I have never found it easy analyzing myself it’s always been a struggle of mine to reflect on what I’m doing and pull out reasons as to why I do work. Towards the end of this module things started to make sense to me but the process of making the final elements of work have been more confusing to me more than any other module. I think this is evident in some of my earlier blog posts as I compare my work to pieces that don’t really relate to well to my work. I do feel like I have benefited from ppp more than a lot of the others as it has given me a big realization to why I like to make work, which was never too obvious to me before.
I had high hopes for my final poster and presentation which put a lot of pressure on myself. Throughout trying to create both I was focusing way too much on the humour of it all but I was struggling to find most of what I was doing funny. This made me doubt my jokes and work all together. I ended up realizing that I think the main reason why I like to produce the work I do is mainly to just make something fun for me and hopefully for other people, I do this by trying to push playful ways to make work and through playful ideas. I still try and keep an element of wit in my work in the hope that maybe that will make someone laugh.

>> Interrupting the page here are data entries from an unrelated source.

(* Let $\mathcal{G}$ be a directed path on $N$ nodes with unit edge weights, whose nodes are labelled $1,\dots,N$ in the order in which they appear along the path starting from the root (so the edges are from $i+1$ to $i$ for $i=1,\dots,N-1$, with weight $1$). Then the entries of its matrix $X$ are $$x_{k,j}=\frac{2N^2+3N+1+3k^2+3j^2-3(N+1)k-3(N+1)j}{3N}-|k-j|,\qquad 1\le k,j\le N.$$
   Context: For a directed graph with nonnegative adjacency matrix $A=[a_{i,j}]$ ($a_{i,j}>0$ iff there is an edge from $i$ to $j$), let $D$ be the diagonal matrix of out-degrees $d_k=\sum_j a_{k,j}$ and $L=D-A$. Let $\Pi=I_N-\frac1N\mathbf{1}_N\mathbf{1}_N^T$, $Q\in\mathbb{R}^{(N-1)\times N}$ with $Q\mathbf{1}_N=0$, $QQ^T=I_{N-1}$, $Q^TQ=\Pi$; $\overline L=QLQ^T$; $\Sigma$ the unique solution of $\overline L\Sigma+\Sigma\overline L^T=I_{N-1}$; and $X=2Q^T\Sigma Q$ (independent of $Q$). The root of the path is its unique node of out-degree $0$. *)

theory Defs
  imports "Jordan_Normal_Form.Matrix"
begin

text \<open>Matrices are 0-indexed: node k (1-based in the paper) is index k-1.\<close>

definition out_degree_mat :: "real mat \<Rightarrow> real mat" where
  "out_degree_mat A = mat (dim_row A) (dim_row A)
     (\<lambda>(i,j). if i = j then (\<Sum>l<dim_col A. A $$ (i,l)) else 0)"

definition laplacian :: "real mat \<Rightarrow> real mat" where
  "laplacian A = out_degree_mat A - A"

definition centering_mat :: "nat \<Rightarrow> real mat" where
  "centering_mat N = 1\<^sub>m N - (1 / real N) \<cdot>\<^sub>m mat N N (\<lambda>_. 1)"

text \<open>Directed path with unit weights, edges from node i+1 to node i (1-based),
  i.e. a_{r,c} = 1 iff r = c+1 (0-based).\<close>
definition path_adj :: "nat \<Rightarrow> real mat" where
  "path_adj N = mat N N (\<lambda>(r,c). if r = c + 1 then 1 else 0)"
lemma pconj_monom: "pconj (monom c n) = monom (cnj c) n"
  by (simp add: poly_eq_iff coeff_monom)

lemma coeff_pstar:
  "coeff (pstar p) i = (if i \<le> degree p then cnj (coeff p (degree p - i)) else 0)"
  by (simp add: pstar_def coeff_reflect_poly)

lemma degree_pstar_le: "degree (pstar p) \<le> degree p"
  unfolding pstar_def by (metis degree_reflect_poly_le degree_pconj)

lemma degree_Phi [simp]: "degree (Phi \<alpha> n) = n"
  and lead_coeff_Phi [simp]: "coeff (Phi \<alpha> n) n = 1"
proof (induction n)
  case (Suc n)
  have "degree (smult (cnj (\<alpha> n)) (pstar (Phi \<alpha> n))) \<le> n"
    using degree_pstar_le[of "Phi \<alpha> n"] Suc.IH by (metis degree_smult_le order_trans)
  then have "degree (Phi \<alpha> (Suc n)) \<le> Suc n" and "coeff (Phi \<alpha> (Suc n)) (Suc n) = 1"
    using Suc.IH by (auto intro!: degree_diff_le simp: coeff_pstar degree_pCons_le)
  then show "degree (Phi \<alpha> (Suc n)) = Suc n" "coeff (Phi \<alpha> (Suc n)) (Suc n) = 1"
    by (auto intro!: antisym le_degree)
qed simp_all

lemma pconj_Phi: "pconj (Phi \<alpha> n) = Phi (\<lambda>k. cnj (\<alpha> k)) n"
proof (induction n)
  case (Suc n)
  then show ?case
    by (auto simp: poly_eq_iff coeff_pCons' coeff_pstar)
qed (simp add: pconj_def)

lemma pstar_Phi_Suc:
  "pstar (Phi \<alpha> (Suc t)) = pstar (Phi \<alpha> t) - smult (\<alpha> t) ([:0, 1:] * Phi \<alpha> t)"
proof (rule poly_eqI)
  fix i
  show "coeff (pstar (Phi \<alpha> (Suc t))) i = coeff (pstar (Phi \<alpha> t) - smult (\<alpha> t) ([:0, 1:] * Phi \<alpha> t)) i"
    unfolding coeff_pstar[of "Phi \<alpha> (Suc t)"] degree_Phi
    by (cases i) (auto simp: coeff_pstar coeff_pCons' Suc_diff_le coeff_eq_0)
qed

lemma X_mult_Phi:
  "[:0, 1:] * Phi \<alpha> t = Phi \<alpha> (Suc t) + smult (cnj (\<alpha> t)) (pstar (Phi \<alpha> t))"
  by (simp del: mult_pCons_left)

lemma smult_sum_right: "smult c (\<Sum>u\<in>U. p u) = (\<Sum>u\<in>U. smult c (p u))"
  by (induction U rule: infinite_finite_induct) (simp_all add: smult_add_right)

lemma pstar_Phi_expansion:
  "pstar (Phi \<alpha> t) = (\<Sum>u\<le>t. smult (- alpha_ext \<alpha> (int u - 1) *
     (\<Prod>j\<in>{u..<t}. complex_of_real (1 - (cmod (\<alpha> j))\<^sup>2))) (Phi \<alpha> u))"
proof (induction t)
  case 0
  show ?case by (simp add: pstar_def pconj_def alpha_ext_def)
next
  case (Suc t)
  define \<rho> where "\<rho> = complex_of_real (1 - (cmod (\<alpha> t))\<^sup>2)"
  have "\<rho> = 1 - \<alpha> t * cnj (\<alpha> t)"
    unfolding \<rho>_def of_real_diff complex_norm_square by simp
  then have "pstar (Phi \<alpha> (Suc t)) = smult \<rho> (pstar (Phi \<alpha> t)) - smult (\<alpha> t) (Phi \<alpha> (Suc t))"
    unfolding pstar_Phi_Suc X_mult_Phi
    by (simp add: smult_add_right smult_diff_left del: Phi.simps)
  also have "\<dots> = (\<Sum>u\<le>Suc t. smult (- alpha_ext \<alpha> (int u - 1) *
     (\<Prod>j\<in>{u..<Suc t}. complex_of_real (1 - (cmod (\<alpha> j))\<^sup>2))) (Phi \<alpha> u))"
    unfolding Suc smult_sum_right
    by (simp add: \<rho>_def alpha_ext_def prod.atLeastLessThan_Suc mult_ac del: Phi.simps)
  finally show ?case .
qed
lemma compactin_dual_top_finite_witnesses:
  assumes "compactin (dual_top sc) K" "\<And>\<phi>. \<phi> \<in> K \<Longrightarrow> \<exists>v\<in>V. \<phi> v \<noteq> 0"
  obtains P where "finite P" "P \<subseteq> V" "\<And>\<phi>. \<phi> \<in> K \<Longrightarrow> \<exists>p\<in>P. \<phi> p \<noteq> 0"
proof -
  define G where "G v = {\<psi> \<in> cdual sc. \<forall>x\<in>{v}. \<psi> x \<noteq> 0}" for v
  have G_open: "openin (dual_top sc) (G v)" for v
    unfolding G_def by (rule openin_dual_top_nonvanishing) simp
  have "K \<subseteq> \<Union>(G ` V)"
  proof
    fix \<phi> assume "\<phi> \<in> K"
    then have "\<phi> \<in> cdual sc"
      using compactin_subset_topspace[OF assms(1)] by auto
    moreover obtain v where "v \<in> V" "\<phi> v \<noteq> 0"
      using assms(2) \<open>\<phi> \<in> K\<close> by blast
    ultimately show "\<phi> \<in> \<Union>(G ` V)"
      unfolding G_def by blast
  qed
  then obtain P where "finite P" "P \<subseteq> V" and cover: "K \<subseteq> \<Union>(G ` P)"
    by (rule compactin_finite_subcover_image[OF assms(1) G_open])
  show thesis
  proof (rule that)
    show "finite P" "P \<subseteq> V"
      by fact+
    show "\<exists>p\<in>P. \<phi> p \<noteq> 0" if "\<phi> \<in> K" for \<phi>
      using cover that unfolding G_def by blast
  qed
qed
theorem mainTheorem7:
  fixes V :: "'a set" and E :: "'a set set" and k :: nat
  assumes "simple_graph V E" and "triangle_free V E" and "k \<ge> 1"
  shows "tri_packing_num (join_Ik_V k V) (join_Ik_E k V E) = max_k_col_edges k V E
       \<and> int (tri_cover_num (join_Ik_V k V) (join_Ik_E k V E)) = int k * int (card V) - phi k V E"
  using tri_packing_num_join_Ik[OF assms(1,2)] tri_cover_num_join_Ik[OF assms] by blast

end
lemma graph_iso_star:
  assumes "finite V" "card V = n" "c \<in> V"
    and star: "\<forall>u \<in> V. \<forall>v \<in> V. E u v \<longleftrightarrow> u \<noteq> v \<and> (u = c \<or> v = c)"
  shows "graph_iso V E (star_vertices n) (star_edges n)"
proof -
  obtain f where f: "bij_betw f V {0..<n}" and centre: "\<forall>x \<in> V. f x = 0 \<longleftrightarrow> x = c"
    using bij_betw_lessThan_centred[OF assms(1-3)] .
  have "\<forall>x \<in> V. \<forall>y \<in> V. E x y \<longleftrightarrow> star_edges n (f x) (f y)"
    using star centre bij_betw_apply[OF f] inj_on_eq_iff[OF bij_betw_imp_inj_on[OF f]]
    by (auto simp: star_edges_def)
  with f show ?thesis unfolding graph_iso_def star_vertices_def by blast
qed

lemma graph_iso_co_star:
  assumes "finite V" "card V = n" "c \<in> V"
    and co_star: "\<forall>u \<in> V. \<forall>v \<in> V. E u v \<longleftrightarrow> u \<noteq> v \<and> u \<noteq> c \<and> v \<noteq> c"
  shows "graph_iso V E (star_vertices n) (compl_graph (star_vertices n) (star_edges n))"
proof -
  obtain f where f: "bij_betw f V {0..<n}" and centre: "\<forall>x \<in> V. f x = 0 \<longleftrightarrow> x = c"
    using bij_betw_lessThan_centred[OF assms(1-3)] .
  have "\<forall>x \<in> V. \<forall>y \<in> V. E x y \<longleftrightarrow> compl_graph (star_vertices n) (star_edges n) (f x) (f y)"
    using co_star centre bij_betw_apply[OF f] inj_on_eq_iff[OF bij_betw_imp_inj_on[OF f]]
    by (auto simp: compl_graph_def star_vertices_def star_edges_def)
  with f show ?thesis unfolding graph_iso_def star_vertices_def by blast
qed

theorem theorem4:
  fixes V :: "'a set" and E :: "'a \<Rightarrow> 'a \<Rightarrow> bool" and k n :: nat
  assumes "simple_graph V E"
    and "card V = n"
    and "\<not> regular V E"
    and "2 \<le> k" and "k \<le> n - 2"
    and "regular (token_vertices V k) (token_adj E)"
  shows "(graph_iso V E (star_vertices n) (star_edges n)
          \<or> graph_iso V E (star_vertices n) (compl_graph (star_vertices n) (star_edges n)))
         \<and> 2 * k = n"
proof -
  note G = assms(1)
  have U: "cut_uniform V E k" using regular_token_graph_imp_cut_uniform[OF G assms(6)] .
  have k: "2 \<le> k" "k + 2 \<le> card V" using assms(2,4,5) by linarith+
  obtain x y where xy: "x \<in> V" "y \<in> V" and deg: "degree V E x \<noteq> degree V E y"
    using assms(3) unfolding regular_def by blast
  have half: "2 * k = n" using cut_uniform_unequal_degrees(1)[OF G U k xy deg] assms(2) by simp
  obtain a b where ab: "a \<in> V" "b \<in> V" "a \<noteq> b"
    and dominating: "\<forall>w \<in> V - {a, b}. E a w \<and> \<not> E b w"
    using cut_uniform_unequal_degrees(2)[OF G U k xy deg] xy by auto
  have finV: "finite V" using simple_graphD(1)[OF G] .
  show ?thesis
    using cut_uniform_star_or_co_star[OF G U k ab dominating] half
      graph_iso_star[OF finV assms(2) ab(1)] graph_iso_co_star[OF finV assms(2) ab(2)]
    by metis
qed

end
(* Let $\omega\in\widehat{\mathcal D}$ and $\alpha>0$, and set $\mu=\omega\,\widehat\omega^{\alpha-1}$. Then $\mu\in\widehat{\mathcal D}$ and $\mu_x\asymp\omega_x^\alpha$ for all $x\ge1$.
   Context: A radial weight is a nonnegative $\omega\in L^1([0,1))$, extended by $\omega(z)=\omega(|z|)$; $\widehat\omega(r)=\int_r^1\omega(s)ds>0$ for all $r\in[0,1)$. $\omega\in\widehat{\mathcal D}$ means $\widehat\omega(r)\le C\widehat\omega(\frac{1+r}2)$ for some $C>0$ and all $0\le r<1$. Moments: $\omega_x=\int_0^1r^x\omega(r)dr$. $A\asymp B$ means comparability with constants independent of $x$. *)

theory Defs
  imports "HOL-Analysis.Analysis"
begin

text \<open>Radial weights are represented by their profile on [0,1).\<close>

definition omega_hat :: "(real \<Rightarrow> real) \<Rightarrow> real \<Rightarrow> real" where
  "omega_hat \<omega> r = (LBINT s:{r..<1}. \<omega> s)"

definition radial_weight :: "(real \<Rightarrow> real) \<Rightarrow> bool" where
  "radial_weight \<omega> \<longleftrightarrow>
     (\<forall>r\<in>{0..<1}. 0 \<le> \<omega> r) \<and>
     set_integrable lborel {0..<1} \<omega> \<and>
     (\<forall>r\<in>{0..<1}. omega_hat \<omega> r > 0)"

definition D_hat :: "(real \<Rightarrow> real) \<Rightarrow> bool" where
  "D_hat \<omega> \<longleftrightarrow> radial_weight \<omega> \<and>
     (\<exists>C>0. \<forall>r\<in>{0..<1}. omega_hat \<omega> r \<le> C * omega_hat \<omega> ((1 + r) / 2))"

Overall, when it comes to making work though PPP made me comprehend that my work is entertaining because my images are never to complex or doesn’t contend a high level of image making. It’s made me take pride that my messy, playful and at times child like work doesn’t need to be complex or advance to make an entertaining image. It’s more about the craft of it that makes it funny or entertaining.

I think it has also made me realize there are plenty of different ways to get my practice and image making across and this is something I really want to experiment further with. Eventually I would like to take my way of working and see how it reflects in the form of maybe a film or in a 3d form such as a sculpture. This is something I realized when visiting the sculpture park is that I shouldn’t narrow my work down to just drawing because I would love to produce what I do in a large 3d format.

Reflecting on this year has made me feel a lot more confident in what I do, there where lots of times this year where I have doubted what I do and failed to see if it’s actually any good but PPP has made me a lot more engaged in my work and made me a lot more self aware on the way I approach briefs and elements of my ideas that work better than others this will defiantly help me with next year and any future briefs.